* WHAT YOU SHOULD DO:
Consider the listing below. Extract exactly the lines from the line containing "(simp add: plus_fun_def)" to the line containing "(simp add: fun_diff_def)", both included.

* PROVIDED MATERIAL:
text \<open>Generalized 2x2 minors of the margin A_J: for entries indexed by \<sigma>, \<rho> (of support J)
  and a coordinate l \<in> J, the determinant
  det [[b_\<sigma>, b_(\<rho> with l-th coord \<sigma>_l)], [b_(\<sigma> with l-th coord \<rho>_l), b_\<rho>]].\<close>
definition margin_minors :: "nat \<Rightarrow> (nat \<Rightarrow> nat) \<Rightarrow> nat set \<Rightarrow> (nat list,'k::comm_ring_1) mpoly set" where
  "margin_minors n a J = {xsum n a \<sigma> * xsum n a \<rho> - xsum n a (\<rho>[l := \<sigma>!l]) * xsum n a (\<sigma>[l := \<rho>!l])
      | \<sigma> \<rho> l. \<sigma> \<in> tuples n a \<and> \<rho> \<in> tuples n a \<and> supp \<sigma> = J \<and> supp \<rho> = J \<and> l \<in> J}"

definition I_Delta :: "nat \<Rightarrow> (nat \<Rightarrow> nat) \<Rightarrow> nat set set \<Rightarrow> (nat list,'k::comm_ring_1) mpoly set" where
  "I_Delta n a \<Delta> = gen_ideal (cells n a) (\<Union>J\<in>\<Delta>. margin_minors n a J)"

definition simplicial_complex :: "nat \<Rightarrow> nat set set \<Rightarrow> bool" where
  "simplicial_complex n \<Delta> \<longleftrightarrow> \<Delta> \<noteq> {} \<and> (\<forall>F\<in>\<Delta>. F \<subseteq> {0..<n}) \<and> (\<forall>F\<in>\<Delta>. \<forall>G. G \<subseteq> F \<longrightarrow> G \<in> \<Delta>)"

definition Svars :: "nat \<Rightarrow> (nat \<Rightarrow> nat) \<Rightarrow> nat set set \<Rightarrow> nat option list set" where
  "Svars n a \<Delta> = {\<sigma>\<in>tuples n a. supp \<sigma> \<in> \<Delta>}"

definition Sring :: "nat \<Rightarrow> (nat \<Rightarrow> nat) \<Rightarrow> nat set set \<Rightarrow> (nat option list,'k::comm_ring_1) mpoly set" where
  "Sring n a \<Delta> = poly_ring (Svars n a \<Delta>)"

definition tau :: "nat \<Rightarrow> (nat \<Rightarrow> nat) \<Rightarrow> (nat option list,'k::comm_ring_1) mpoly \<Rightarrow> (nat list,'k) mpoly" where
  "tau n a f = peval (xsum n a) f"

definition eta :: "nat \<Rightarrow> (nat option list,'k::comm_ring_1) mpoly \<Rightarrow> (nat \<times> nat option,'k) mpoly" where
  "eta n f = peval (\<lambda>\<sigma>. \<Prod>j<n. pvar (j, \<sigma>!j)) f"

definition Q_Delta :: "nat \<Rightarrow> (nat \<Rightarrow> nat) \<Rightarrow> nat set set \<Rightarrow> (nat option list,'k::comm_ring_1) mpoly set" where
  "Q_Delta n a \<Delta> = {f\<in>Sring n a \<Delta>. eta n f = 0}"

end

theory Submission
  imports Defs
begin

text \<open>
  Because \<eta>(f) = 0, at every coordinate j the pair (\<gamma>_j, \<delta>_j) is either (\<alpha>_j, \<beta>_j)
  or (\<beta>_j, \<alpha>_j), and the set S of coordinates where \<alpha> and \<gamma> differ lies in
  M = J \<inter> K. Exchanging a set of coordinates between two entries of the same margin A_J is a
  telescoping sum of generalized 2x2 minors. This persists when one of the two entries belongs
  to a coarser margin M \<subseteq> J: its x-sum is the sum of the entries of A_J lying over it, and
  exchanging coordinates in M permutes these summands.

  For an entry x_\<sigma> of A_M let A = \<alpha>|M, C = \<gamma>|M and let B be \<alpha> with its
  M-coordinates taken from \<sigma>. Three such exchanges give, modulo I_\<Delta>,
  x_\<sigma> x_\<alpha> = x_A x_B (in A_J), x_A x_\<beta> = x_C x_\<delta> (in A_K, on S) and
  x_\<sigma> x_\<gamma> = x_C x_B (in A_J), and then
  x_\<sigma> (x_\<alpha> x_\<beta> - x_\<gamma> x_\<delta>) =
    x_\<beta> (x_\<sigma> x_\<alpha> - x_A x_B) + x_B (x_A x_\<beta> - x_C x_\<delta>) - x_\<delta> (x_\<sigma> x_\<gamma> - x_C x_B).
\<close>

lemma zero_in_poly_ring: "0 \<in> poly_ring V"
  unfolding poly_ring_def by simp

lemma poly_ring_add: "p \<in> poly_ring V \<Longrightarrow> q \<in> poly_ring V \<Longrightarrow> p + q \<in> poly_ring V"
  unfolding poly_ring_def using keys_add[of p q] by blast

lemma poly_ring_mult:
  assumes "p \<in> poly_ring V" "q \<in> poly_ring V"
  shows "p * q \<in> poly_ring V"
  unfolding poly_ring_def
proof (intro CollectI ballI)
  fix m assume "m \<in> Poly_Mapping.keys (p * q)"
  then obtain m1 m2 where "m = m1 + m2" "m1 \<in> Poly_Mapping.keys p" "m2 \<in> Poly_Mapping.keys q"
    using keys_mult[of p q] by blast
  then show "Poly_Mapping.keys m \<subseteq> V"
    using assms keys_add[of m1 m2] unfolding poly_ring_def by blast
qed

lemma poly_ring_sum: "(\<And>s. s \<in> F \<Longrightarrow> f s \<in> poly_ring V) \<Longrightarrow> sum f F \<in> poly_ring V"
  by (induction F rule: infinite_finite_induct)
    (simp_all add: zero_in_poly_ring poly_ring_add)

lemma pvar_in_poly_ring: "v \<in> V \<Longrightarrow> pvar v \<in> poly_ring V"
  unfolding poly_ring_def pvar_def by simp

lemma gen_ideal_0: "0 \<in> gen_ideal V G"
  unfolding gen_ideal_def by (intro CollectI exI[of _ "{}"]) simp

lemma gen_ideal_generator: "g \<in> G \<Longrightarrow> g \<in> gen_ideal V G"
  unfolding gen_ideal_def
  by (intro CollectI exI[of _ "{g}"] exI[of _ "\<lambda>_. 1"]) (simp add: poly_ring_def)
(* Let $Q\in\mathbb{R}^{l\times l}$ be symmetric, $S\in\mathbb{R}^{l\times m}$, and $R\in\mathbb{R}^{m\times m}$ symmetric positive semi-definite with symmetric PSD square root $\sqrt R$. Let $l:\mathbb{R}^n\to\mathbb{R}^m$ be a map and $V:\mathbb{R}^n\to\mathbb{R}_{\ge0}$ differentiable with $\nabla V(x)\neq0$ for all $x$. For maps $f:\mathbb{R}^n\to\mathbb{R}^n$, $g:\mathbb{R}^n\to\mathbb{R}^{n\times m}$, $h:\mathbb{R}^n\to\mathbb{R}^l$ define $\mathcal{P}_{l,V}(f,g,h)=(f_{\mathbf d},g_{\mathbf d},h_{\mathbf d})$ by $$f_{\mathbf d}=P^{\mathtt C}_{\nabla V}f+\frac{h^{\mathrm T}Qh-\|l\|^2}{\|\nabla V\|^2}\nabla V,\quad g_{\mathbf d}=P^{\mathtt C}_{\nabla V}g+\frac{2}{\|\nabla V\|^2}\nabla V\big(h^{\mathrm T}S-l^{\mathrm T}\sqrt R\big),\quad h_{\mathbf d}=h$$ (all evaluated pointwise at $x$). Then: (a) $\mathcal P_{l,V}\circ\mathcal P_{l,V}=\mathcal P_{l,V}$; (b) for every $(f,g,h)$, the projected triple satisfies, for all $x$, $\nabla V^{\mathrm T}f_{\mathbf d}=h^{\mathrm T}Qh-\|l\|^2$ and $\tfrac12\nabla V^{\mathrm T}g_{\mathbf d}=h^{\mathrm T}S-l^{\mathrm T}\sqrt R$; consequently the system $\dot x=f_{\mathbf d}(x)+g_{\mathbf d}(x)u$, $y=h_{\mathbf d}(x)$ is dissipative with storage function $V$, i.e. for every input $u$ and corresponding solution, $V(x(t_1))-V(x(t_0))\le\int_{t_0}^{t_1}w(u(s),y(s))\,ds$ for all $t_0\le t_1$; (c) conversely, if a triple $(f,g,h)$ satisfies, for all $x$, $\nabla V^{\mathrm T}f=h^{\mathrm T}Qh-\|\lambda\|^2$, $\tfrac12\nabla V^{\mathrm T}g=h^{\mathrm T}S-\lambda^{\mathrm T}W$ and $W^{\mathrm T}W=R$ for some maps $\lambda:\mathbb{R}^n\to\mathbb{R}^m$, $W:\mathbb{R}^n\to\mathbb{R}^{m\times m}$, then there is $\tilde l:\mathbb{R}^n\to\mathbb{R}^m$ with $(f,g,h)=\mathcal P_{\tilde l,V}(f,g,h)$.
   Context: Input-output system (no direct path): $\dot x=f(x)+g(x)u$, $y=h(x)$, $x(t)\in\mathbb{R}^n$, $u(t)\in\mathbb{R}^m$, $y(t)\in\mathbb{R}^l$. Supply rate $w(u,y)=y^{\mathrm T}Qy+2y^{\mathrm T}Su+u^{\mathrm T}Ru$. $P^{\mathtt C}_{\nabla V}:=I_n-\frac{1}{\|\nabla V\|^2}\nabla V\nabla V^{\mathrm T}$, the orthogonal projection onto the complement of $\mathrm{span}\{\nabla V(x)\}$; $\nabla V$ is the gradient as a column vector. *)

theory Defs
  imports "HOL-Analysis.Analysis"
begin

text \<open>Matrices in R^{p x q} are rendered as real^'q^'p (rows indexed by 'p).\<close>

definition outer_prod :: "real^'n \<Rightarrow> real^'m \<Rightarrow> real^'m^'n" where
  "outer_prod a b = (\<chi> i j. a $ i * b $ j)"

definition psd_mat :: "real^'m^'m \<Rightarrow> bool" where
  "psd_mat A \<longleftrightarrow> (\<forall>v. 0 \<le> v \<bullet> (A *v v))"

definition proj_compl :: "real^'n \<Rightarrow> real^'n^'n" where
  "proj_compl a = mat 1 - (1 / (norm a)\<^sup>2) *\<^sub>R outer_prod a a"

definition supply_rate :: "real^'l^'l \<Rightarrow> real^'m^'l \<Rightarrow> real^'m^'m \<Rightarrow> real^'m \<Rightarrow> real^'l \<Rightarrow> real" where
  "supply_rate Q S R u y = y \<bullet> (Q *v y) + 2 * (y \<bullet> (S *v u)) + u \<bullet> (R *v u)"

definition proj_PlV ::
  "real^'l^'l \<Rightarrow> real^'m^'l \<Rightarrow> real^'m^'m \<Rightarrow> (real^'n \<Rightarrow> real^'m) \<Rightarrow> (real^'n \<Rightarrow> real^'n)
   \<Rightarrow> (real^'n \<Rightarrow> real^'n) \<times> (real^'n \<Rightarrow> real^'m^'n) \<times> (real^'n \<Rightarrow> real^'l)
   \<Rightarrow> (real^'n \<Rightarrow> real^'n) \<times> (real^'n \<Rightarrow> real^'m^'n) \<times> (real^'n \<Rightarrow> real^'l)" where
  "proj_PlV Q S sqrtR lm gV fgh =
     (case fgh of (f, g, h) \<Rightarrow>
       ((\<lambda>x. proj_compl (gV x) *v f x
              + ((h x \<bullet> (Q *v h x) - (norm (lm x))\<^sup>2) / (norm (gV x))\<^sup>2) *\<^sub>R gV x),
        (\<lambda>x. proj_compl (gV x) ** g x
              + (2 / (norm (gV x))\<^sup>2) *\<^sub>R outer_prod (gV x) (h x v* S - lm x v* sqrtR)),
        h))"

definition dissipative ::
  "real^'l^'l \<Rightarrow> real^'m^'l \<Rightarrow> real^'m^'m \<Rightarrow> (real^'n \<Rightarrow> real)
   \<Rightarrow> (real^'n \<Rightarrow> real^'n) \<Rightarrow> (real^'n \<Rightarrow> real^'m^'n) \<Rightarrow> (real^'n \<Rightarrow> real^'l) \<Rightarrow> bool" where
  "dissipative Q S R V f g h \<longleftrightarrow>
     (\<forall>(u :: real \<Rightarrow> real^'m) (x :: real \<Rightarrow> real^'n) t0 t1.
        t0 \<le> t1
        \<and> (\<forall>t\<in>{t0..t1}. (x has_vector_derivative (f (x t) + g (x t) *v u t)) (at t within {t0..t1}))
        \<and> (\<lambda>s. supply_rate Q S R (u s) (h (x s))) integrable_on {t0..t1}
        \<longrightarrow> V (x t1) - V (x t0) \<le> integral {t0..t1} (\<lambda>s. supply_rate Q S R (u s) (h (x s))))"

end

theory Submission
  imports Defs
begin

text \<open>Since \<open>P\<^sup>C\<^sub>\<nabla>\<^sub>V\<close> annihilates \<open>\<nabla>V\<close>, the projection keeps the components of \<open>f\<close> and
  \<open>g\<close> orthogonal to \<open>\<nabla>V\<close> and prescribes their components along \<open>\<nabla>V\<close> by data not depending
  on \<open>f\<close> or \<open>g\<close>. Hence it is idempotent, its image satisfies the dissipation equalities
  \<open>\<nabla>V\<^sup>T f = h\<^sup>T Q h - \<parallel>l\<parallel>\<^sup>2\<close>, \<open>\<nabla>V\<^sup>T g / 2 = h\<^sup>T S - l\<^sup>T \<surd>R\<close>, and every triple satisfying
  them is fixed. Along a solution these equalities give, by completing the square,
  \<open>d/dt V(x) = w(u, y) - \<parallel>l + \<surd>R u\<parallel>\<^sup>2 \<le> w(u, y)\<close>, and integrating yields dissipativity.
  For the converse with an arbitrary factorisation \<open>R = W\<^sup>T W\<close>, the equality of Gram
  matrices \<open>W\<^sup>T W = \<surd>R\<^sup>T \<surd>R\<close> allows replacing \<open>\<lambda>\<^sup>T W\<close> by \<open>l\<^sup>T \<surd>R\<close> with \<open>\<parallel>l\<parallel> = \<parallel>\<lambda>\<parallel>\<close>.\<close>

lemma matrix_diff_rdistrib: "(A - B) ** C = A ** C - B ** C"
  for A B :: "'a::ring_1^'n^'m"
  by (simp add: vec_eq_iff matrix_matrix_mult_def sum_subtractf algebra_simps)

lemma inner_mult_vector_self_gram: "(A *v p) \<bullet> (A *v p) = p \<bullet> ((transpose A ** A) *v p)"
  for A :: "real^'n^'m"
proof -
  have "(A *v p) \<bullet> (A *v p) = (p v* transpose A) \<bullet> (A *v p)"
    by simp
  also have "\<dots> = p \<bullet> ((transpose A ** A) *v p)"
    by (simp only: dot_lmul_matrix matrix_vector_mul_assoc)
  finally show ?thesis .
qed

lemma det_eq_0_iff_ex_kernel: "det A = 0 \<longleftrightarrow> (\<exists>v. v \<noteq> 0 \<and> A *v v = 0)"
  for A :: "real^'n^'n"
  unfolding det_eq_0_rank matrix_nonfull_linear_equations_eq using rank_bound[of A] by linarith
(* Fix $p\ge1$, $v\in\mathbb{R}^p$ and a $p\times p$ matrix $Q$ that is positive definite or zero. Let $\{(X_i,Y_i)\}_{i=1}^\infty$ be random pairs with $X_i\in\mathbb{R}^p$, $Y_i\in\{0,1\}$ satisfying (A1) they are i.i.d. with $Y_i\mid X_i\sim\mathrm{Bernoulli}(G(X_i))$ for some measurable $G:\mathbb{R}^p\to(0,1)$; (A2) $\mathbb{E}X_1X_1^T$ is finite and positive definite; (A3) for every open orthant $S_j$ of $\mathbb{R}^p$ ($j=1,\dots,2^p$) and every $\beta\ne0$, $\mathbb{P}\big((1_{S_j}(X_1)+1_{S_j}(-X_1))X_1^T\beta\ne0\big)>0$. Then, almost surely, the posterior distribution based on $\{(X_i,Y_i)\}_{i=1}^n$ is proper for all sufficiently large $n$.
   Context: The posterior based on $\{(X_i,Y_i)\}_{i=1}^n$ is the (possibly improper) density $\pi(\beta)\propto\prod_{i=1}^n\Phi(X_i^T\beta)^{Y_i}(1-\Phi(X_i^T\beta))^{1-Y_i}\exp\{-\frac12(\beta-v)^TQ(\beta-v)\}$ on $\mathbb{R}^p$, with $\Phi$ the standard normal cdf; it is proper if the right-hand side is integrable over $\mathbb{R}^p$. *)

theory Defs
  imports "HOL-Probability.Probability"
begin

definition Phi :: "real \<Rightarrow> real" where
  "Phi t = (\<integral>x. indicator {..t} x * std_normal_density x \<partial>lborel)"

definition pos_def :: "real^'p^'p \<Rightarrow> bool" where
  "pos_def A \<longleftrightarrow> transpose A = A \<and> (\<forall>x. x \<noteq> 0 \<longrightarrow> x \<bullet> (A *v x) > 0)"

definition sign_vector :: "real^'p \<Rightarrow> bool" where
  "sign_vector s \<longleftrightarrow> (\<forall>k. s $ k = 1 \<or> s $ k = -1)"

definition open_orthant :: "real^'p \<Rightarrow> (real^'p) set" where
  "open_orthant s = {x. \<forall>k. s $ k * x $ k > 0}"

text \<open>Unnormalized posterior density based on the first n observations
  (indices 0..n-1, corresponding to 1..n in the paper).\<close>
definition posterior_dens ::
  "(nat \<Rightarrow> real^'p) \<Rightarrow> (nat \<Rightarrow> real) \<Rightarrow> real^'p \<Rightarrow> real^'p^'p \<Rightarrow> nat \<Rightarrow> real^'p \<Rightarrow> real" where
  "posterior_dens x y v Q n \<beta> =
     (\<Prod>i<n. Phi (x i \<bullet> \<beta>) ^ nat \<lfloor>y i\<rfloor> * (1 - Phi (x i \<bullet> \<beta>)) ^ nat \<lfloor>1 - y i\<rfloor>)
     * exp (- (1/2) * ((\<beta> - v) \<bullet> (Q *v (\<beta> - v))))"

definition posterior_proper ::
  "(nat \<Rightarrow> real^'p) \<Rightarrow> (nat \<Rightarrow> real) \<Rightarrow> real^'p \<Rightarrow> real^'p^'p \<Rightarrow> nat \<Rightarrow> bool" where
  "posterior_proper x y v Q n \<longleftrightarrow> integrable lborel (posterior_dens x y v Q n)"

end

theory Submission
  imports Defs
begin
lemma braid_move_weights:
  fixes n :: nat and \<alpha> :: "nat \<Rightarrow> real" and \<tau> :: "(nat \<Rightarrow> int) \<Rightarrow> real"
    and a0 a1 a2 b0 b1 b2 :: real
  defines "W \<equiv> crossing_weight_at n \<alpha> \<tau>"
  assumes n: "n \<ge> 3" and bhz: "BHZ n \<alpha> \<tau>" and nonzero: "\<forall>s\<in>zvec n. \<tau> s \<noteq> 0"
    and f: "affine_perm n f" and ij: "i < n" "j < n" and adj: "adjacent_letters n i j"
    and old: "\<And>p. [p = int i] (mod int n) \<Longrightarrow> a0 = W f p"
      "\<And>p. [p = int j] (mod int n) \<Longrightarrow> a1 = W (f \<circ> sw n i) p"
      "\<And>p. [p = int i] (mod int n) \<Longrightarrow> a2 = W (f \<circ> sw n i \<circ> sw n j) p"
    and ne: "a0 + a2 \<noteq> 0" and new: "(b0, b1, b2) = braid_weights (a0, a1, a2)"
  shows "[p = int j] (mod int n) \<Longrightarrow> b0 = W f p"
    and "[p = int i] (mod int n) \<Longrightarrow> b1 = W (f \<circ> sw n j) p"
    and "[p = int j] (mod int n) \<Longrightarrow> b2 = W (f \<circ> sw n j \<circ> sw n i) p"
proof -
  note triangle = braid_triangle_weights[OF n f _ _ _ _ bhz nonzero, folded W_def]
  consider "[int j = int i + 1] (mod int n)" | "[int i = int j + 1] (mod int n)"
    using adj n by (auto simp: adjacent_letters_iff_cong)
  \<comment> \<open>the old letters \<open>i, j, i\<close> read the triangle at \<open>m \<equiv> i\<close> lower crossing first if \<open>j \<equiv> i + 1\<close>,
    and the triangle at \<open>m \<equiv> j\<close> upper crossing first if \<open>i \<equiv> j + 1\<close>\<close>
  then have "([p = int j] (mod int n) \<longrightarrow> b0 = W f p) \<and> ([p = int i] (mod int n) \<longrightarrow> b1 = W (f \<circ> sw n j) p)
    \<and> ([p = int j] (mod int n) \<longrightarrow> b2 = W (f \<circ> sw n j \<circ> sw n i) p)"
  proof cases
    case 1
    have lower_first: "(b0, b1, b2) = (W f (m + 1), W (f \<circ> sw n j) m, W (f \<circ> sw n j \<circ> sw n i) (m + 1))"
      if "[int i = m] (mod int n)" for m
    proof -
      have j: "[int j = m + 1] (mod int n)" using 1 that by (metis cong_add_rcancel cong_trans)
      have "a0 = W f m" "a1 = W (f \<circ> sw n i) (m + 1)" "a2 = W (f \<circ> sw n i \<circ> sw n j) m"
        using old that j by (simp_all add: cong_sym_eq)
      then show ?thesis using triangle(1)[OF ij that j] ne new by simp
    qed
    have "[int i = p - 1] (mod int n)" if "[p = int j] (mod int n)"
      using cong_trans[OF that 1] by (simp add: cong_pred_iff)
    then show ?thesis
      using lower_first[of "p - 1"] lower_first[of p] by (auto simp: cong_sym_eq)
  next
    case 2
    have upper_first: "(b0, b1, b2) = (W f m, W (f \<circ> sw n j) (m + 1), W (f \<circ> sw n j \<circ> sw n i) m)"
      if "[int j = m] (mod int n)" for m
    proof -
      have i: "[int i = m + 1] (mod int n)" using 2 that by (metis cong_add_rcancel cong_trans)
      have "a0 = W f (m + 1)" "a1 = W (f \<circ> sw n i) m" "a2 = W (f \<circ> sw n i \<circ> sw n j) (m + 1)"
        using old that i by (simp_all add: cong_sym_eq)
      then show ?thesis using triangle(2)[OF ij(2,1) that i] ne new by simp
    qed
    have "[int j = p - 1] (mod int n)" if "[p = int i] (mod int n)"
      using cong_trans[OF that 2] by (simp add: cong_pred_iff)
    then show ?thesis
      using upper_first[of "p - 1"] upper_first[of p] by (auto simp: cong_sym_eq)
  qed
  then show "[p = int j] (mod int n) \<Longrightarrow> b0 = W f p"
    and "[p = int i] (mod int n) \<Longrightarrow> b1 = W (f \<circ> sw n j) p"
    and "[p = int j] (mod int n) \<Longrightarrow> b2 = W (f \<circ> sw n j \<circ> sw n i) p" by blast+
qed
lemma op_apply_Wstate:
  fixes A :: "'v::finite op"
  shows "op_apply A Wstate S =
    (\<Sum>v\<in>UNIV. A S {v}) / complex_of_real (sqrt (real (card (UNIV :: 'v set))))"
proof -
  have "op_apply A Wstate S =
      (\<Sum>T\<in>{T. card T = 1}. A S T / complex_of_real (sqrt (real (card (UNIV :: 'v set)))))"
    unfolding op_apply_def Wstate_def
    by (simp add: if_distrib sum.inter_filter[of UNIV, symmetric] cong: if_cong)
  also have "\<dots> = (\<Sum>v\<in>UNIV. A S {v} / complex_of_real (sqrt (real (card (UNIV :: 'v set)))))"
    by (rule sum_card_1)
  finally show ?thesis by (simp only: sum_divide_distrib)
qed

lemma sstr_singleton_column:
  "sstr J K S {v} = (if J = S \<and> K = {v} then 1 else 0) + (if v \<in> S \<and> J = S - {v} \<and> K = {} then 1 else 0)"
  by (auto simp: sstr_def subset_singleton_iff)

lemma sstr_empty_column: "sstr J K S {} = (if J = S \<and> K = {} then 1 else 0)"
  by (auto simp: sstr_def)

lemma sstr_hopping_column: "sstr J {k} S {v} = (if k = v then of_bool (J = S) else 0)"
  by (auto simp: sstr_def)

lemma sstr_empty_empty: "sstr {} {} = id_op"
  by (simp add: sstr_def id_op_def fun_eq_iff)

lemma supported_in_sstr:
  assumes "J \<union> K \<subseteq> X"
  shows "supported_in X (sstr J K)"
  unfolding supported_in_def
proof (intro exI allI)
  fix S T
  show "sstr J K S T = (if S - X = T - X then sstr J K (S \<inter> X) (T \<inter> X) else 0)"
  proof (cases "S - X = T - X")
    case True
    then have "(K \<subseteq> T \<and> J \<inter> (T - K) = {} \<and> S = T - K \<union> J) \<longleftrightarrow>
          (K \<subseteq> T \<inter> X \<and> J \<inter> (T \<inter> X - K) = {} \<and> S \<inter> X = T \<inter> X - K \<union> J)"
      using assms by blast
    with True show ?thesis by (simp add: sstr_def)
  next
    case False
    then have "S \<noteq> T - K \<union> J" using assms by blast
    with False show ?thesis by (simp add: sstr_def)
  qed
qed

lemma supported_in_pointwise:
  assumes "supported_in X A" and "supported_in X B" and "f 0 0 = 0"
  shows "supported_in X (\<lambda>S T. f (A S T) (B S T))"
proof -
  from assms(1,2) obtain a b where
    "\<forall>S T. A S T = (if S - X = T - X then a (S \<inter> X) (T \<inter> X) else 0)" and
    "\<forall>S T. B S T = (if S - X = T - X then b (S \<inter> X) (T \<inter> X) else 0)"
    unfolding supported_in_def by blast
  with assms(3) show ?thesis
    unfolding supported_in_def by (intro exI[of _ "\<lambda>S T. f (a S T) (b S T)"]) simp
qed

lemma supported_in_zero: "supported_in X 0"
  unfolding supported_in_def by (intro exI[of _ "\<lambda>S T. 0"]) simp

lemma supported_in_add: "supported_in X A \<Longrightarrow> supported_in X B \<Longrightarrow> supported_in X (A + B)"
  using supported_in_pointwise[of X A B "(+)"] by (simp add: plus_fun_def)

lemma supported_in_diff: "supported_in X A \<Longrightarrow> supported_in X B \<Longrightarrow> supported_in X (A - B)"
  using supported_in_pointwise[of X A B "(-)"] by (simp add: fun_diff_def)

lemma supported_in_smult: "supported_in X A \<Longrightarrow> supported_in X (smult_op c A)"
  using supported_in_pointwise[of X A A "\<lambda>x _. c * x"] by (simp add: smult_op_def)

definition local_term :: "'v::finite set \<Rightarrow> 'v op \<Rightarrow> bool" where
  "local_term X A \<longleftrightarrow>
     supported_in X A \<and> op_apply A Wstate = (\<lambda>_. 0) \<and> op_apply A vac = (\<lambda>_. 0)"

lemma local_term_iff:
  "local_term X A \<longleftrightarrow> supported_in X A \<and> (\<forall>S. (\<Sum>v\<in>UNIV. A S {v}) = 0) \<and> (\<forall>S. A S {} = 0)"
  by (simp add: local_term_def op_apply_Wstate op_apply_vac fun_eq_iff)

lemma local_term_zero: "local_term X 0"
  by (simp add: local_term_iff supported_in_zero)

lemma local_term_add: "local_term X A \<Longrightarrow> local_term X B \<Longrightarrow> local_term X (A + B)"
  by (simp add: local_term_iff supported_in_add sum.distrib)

* REPLY:
  using supported_in_pointwise[of X A B "(+)"] by (simp add: plus_fun_def)

lemma supported_in_diff: "supported_in X A \<Longrightarrow> supported_in X B \<Longrightarrow> supported_in X (A - B)"
  using supported_in_pointwise[of X A B "(-)"] by (simp add: fun_diff_def)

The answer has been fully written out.